Views: Raw Message | Whole Thread | Download mbox | Resend email
Lists: pgsql-general

We recently took a copy of our production data (running on 8.4.2), scrubbed many data fields, and then loaded it onto a qa server (running 8.4.8). We're seeing some odd planner performance that I think might be a bug, though I'm hoping it's just idiocy on my part. I've analyzed things and looked into pg_stats and it seems as if the relevant columns have about the same statistics.

I've managed to simplify the query, but if I make it any simpler, then the two servers end up with the same good plan. The query is down to:

SELECT machines.quota_purchased
FROM machines
WHERE NOT deleted AND machines.user_id IN (
SELECT id FROM users WHERE user_group_id IN (
select 607547 offset 0
) OFFSET 0
);

(Those "offset 0" are in there to protect us from planner regressions we saw when moving to 8.4. When we move to 9, they can hopefully go away.)
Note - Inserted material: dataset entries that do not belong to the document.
lemma split_residual_eq_scale:
  assumes x: "x \<in> space M" and p: "regen_prob x < 1"
  shows "split_residual M P C d0 nu x = scale_measure (ennreal (1 / (1 - regen_prob x))) (sub_residual x)"
proof -
  let ?S = "scale_measure (ennreal (1 / (1 - regen_prob x))) (sub_residual x)"
  have eq: "(emeasure (P x) A - ennreal (d0 * indicator C x) * emeasure nu A) /
        (1 - ennreal (d0 * indicator C x)) = emeasure ?S A" if A: "A \<in> sets M" for A
  proof -
    have "emeasure (P x) A - ennreal (regen_prob x) * emeasure nu A
        = ennreal (measure (P x) A - regen_prob x * measure nu A)"
      using regen_prob_nonneg[of x]
        finite_measure.emeasure_eq_measure[OF prob_space.finite_measure[OF prob_space_P[OF x]]]
        finite_measure.emeasure_eq_measure[OF prob_space.finite_measure[OF nu]]
      by (simp add: ennreal_mult[symmetric] ennreal_minus)
    moreover have "1 - ennreal (regen_prob x) = ennreal (1 - regen_prob x)"
      using regen_prob_nonneg[of x] by (simp add: ennreal_1[symmetric] ennreal_minus del: ennreal_1)
    ultimately have "(emeasure (P x) A - ennreal (regen_prob x) * emeasure nu A) / (1 - ennreal (regen_prob x))
        = ennreal ((measure (P x) A - regen_prob x * measure nu A) / (1 - regen_prob x))"
      using p minorization_measure[OF x A] by (simp add: divide_ennreal)
    also have "\<dots> = ennreal (1 / (1 - regen_prob x)) * ennreal (measure (P x) A - regen_prob x * measure nu A)"
      using p minorization_measure[OF x A] by (simp add: ennreal_mult[symmetric])
    also have "\<dots> = emeasure ?S A"
      using emeasure_sub_residual[OF x A] by simp
    finally show ?thesis by (simp add: regen_prob_def)
  qed
  have "split_residual M P C d0 nu x = measure_of (space M) (sets M) (emeasure ?S)"
    unfolding split_residual_def
    by (rule measure_of_eq) (auto simp: sets.space_closed sets.sigma_sets_eq eq)
  also have "\<dots> = ?S"
    using measure_of_of_measure[of ?S] by (simp add: space_scale_measure)
  finally show ?thesis .
qed

lemma nn_integral_split_residual:
  assumes x: "x \<in> space M"
  shows "ennreal (1 - regen_prob x) * (\<integral>\<^sup>+y. h y \<partial>split_residual M P C d0 nu x)
       = (\<integral>\<^sup>+y. h y \<partial>sub_residual x)"
proof (cases "regen_prob x < 1")
  case True
  have "ennreal (1 - regen_prob x) * ennreal (1 / (1 - regen_prob x)) = 1"
    using True by (simp add: ennreal_mult[symmetric])
  then show ?thesis
    unfolding split_residual_eq_scale[OF x True] nn_integral_scale_measure'
    by (simp add: mult.assoc[symmetric])
next
  case False
  then have p: "regen_prob x = 1" using regen_prob_le_1[of x] by simp
  have "(\<integral>\<^sup>+y. h y \<partial>sub_residual x) \<le> (\<integral>\<^sup>+y. top \<partial>sub_residual x)"
    by (intro nn_integral_mono) simp
  also have "\<dots> = 0" using emeasure_sub_residual_space[OF x] p by simp
  finally show ?thesis using p by simp
qed

lemma space_split_residual: "space (split_residual M P C d0 nu x) = space M"
  unfolding split_residual_def by (simp add: sets.space_closed)

lemma regen_prob_eq: "d0 * indicator C x = regen_prob x"
  by (simp add: regen_prob_def)

lemma path_exp_0:
  "path_exp 0 x g = g [(x, True)] * ennreal (regen_prob x) + g [(x, False)] * ennreal (1 - regen_prob x)"
  using regen_prob_nonneg[of x] regen_prob_le_1[of x] by (simp add: regen_prob_eq)

lemma path_exp_Suc:
  assumes "x \<in> space M"
  shows "path_exp (Suc n) x g
    = (\<integral>\<^sup>+y. path_exp n y (\<lambda>zs. g ((x, True) # zs)) \<partial>nu) * ennreal (regen_prob x)
      + (\<integral>\<^sup>+y. path_exp n y (\<lambda>zs. g ((x, False) # zs)) \<partial>sub_residual x)"
  using regen_prob_nonneg[of x] regen_prob_le_1[of x]
    nn_integral_split_residual[OF assms, of "\<lambda>y. path_exp n y (\<lambda>zs. g ((x, False) # zs))"]
  by (simp add: regen_prob_eq mult.commute)

lemma path_exp_zero: "path_exp n x (\<lambda>_. 0) = 0"
  by (induction n arbitrary: x) (simp_all add: regen_prob_eq)

lemma path_exp_mono:
  assumes "x \<in> space M"
    and "\<And>zs. length zs = Suc n \<Longrightarrow> \<forall>z\<in>set zs. fst z \<in> space M \<Longrightarrow> g zs \<le> g' zs"
  shows "path_exp n x g \<le> path_exp n x g'"
  using assms
proof (induction n arbitrary: x g g')
  case 0
  then show ?case unfolding path_exp_0 by (intro add_mono mult_right_mono) auto
next
  case (Suc n)
  have "path_exp n y (\<lambda>zs. g ((x, z) # zs)) \<le> path_exp n y (\<lambda>zs. g' ((x, z) # zs))"
    if "y \<in> space M" for y z
    using that Suc.prems by (intro Suc.IH) auto
  then show ?case
    unfolding split_path.simps
    by (intro nn_integral_mono) (auto simp: space_nu space_split_residual split: if_split_asm)
qed

text \<open>\<open>residual_iter n h x\<close> is \<open>E\<^sub>x[h(X\<^sub>n); Y\<^sub>0 = \<dots> = Y\<^sub>n\<^sub>-\<^sub>1 = 0]\<close>; for \<open>h = regen_prob\<close> it is
  \<open>P\<^sub>x(T = n + 1)\<close>, for \<open>h = 1 - regen_prob\<close> it is \<open>P\<^sub>x(T > n + 1)\<close>.\<close>
primrec residual_iter :: "nat \<Rightarrow> ('a \<Rightarrow> ennreal) \<Rightarrow> 'a \<Rightarrow> ennreal" where
  "residual_iter 0 h = h"
| "residual_iter (Suc n) h = (\<lambda>x. \<integral>\<^sup>+y. residual_iter n h y \<partial>sub_residual x)"

lemma residual_iter_measurable[measurable]:
  "h \<in> borel_measurable M \<Longrightarrow> residual_iter n h \<in> borel_measurable M"
  by (induction n)
    (auto intro: measurable_compose[OF sub_residual_measurable nn_integral_measurable_subprob_algebra])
On the production server, this returns a fairly accurate plan:

QUERY PLAN
----------------------------------------------------------------------------------------------------------------------------------------------------------
Nested Loop (cost=843.59..1447.90 rows=243 width=8) (actual time=0.044..0.045 rows=1 loops=1)
-> HashAggregate (cost=843.59..845.59 rows=200 width=4) (actual time=0.027..0.027 rows=1 loops=1)
-> Limit (cost=0.02..823.90 rows=1575 width=4) (actual time=0.024..0.025 rows=1 loops=1)
-> Nested Loop (cost=0.02..823.90 rows=1575 width=4) (actual time=0.023..0.024 rows=1 loops=1)
-> HashAggregate (cost=0.02..0.03 rows=1 width=4) (actual time=0.005..0.005 rows=1 loops=1)
-> Limit (cost=0.00..0.01 rows=1 width=0) (actual time=0.001..0.002 rows=1 loops=1)
-> Result (cost=0.00..0.01 rows=1 width=0) (actual time=0.000..0.000 rows=1 loops=1)
-> Index Scan using users_user_groups_idx on users (cost=0.00..804.18 rows=1575 width=8) (actual time=0.017..0.018 rows=1 loops=1)
Index Cond: (users.user_group_id = (607547))
-> Index Scan using machines_sid_un on machines (cost=0.00..3.00 rows=1 width=12) (actual time=0.015..0.015 rows=1 loops=1)
Index Cond: (machines.user_id = users.id)
Total runtime: 0.121 ms
(12 rows)

On the QA server, things are not so accurate. It doesn't hurt the timing of this simplified query much, but when put into the actual query, the row estimation being off by 6 orders of magnitude really throws the planning in the wrong direction. The plan on the QA server is:

QUERY PLAN
-----------------------------------------------------------------------------------------------------------------------------------------------------------
Nested Loop (cost=1887.16..3671.20 rows=1192462 width=8) (actual time=0.049..0.051 rows=1 loops=1)
-> HashAggregate (cost=1887.16..1889.16 rows=200 width=4) (actual time=0.032..0.033 rows=1 loops=1)
-> Limit (cost=0.02..1868.20 rows=1517 width=4) (actual time=0.027..0.029 rows=1 loops=1)
-> Nested Loop (cost=0.02..1868.20 rows=1517 width=4) (actual time=0.027..0.028 rows=1 loops=1)
-> HashAggregate (cost=0.02..0.03 rows=1 width=4) (actual time=0.008..0.008 rows=1 loops=1)
-> Limit (cost=0.00..0.01 rows=1 width=0) (actual time=0.001..0.001 rows=1 loops=1)
-> Result (cost=0.00..0.01 rows=1 width=0) (actual time=0.001..0.001 rows=1 loops=1)
-> Index Scan using users_user_groups_idx on users (cost=0.00..1849.20 rows=1517 width=8) (actual time=0.015..0.016 rows=1 loops=1)
Index Cond: (users.user_group_id = (607547))
-> Index Scan using machines_sid_un on machines (cost=0.00..8.90 rows=1 width=12) (actual time=0.013..0.013 rows=1 loops=1)
Index Cond: (machines.user_id = users.id)
Total runtime: 0.148 ms
(12 rows)

The problem here (I think) seems to be that the QA server believes that running a nested loop over 200 users.id values and joining that against machines.user_id will result in >1M rows. The production servers sees this more accurately as the nearly 1:1 relationship that it is.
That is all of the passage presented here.